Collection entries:
-------

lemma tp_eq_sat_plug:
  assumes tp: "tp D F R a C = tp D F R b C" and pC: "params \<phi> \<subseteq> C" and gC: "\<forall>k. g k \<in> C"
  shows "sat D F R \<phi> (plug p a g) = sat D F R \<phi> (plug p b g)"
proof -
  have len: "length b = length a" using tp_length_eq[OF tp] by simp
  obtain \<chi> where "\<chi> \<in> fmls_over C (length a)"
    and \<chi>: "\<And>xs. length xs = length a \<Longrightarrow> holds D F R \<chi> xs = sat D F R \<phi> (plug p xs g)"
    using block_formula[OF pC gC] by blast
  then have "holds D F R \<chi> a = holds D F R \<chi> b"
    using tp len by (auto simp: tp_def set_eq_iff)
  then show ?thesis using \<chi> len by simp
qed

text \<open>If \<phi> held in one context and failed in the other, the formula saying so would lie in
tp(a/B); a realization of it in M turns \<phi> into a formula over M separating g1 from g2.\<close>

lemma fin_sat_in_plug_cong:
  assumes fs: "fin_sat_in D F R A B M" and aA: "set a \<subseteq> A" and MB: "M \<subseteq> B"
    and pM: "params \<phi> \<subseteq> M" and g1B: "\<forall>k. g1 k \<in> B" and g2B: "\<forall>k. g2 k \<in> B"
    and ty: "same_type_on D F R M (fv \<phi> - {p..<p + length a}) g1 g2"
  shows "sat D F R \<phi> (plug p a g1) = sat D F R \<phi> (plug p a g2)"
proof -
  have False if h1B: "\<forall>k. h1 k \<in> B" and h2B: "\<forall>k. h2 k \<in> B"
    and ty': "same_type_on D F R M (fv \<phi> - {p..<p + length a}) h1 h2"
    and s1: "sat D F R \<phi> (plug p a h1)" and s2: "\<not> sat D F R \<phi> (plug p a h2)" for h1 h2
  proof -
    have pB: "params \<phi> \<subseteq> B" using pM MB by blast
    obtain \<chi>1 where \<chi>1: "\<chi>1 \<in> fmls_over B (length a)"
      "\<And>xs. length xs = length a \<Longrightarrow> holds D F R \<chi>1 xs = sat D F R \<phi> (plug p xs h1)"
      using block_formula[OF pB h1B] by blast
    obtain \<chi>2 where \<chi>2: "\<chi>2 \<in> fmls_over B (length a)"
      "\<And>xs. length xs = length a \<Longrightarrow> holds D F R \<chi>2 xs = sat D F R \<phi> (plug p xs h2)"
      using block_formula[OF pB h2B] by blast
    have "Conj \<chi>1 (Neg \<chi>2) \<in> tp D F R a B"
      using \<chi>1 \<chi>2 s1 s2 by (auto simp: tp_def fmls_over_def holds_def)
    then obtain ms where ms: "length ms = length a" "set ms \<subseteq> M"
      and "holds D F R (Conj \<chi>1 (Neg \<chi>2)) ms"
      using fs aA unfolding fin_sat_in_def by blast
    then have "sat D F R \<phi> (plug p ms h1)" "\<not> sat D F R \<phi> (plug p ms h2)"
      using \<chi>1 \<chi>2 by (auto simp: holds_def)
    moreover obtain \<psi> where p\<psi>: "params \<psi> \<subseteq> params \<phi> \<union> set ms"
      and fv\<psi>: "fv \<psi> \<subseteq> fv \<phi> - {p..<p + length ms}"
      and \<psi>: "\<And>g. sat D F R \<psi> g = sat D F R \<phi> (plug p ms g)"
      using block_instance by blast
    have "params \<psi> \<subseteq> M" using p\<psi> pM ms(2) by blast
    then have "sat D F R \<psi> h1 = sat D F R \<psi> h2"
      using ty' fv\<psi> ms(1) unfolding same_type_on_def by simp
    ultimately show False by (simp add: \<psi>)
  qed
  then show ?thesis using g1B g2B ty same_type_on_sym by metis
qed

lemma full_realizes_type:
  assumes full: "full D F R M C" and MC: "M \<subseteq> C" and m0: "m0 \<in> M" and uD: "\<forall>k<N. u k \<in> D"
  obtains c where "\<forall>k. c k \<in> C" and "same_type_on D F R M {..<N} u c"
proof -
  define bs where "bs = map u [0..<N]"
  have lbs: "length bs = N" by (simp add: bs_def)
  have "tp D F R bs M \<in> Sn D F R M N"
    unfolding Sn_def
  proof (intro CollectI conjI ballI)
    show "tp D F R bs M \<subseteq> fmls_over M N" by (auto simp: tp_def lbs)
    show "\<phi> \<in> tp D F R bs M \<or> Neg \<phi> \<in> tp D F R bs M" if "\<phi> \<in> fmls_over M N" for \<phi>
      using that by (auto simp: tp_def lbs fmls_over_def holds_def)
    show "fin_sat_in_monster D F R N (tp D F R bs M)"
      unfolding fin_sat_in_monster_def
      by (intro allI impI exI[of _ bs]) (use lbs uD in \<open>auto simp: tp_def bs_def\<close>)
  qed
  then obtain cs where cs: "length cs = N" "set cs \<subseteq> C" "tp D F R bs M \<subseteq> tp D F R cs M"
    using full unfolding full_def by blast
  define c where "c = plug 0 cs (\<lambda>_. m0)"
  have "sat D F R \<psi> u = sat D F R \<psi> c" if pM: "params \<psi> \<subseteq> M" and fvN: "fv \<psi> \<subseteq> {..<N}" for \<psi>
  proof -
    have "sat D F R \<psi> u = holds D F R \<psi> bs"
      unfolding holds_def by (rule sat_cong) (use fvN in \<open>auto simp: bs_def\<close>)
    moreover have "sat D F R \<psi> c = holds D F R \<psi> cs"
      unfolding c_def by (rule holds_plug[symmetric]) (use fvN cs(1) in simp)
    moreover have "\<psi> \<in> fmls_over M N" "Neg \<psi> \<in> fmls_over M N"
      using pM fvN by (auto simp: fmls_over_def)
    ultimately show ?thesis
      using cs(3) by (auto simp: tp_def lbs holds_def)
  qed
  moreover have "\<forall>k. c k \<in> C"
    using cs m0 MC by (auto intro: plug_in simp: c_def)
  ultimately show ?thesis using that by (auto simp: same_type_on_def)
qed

-------

- **EXERCISE REQUIREMENTS**
Check the records above and copy each line that has the string "rule".

- **ANSWER SPACE**
      unfolding holds_def by (rule sat_cong) (use fvN in \<open>auto simp: bs_def\<close>)
      unfolding c_def by (rule holds_plug[symmetric]) (use fvN cs(1) in simp)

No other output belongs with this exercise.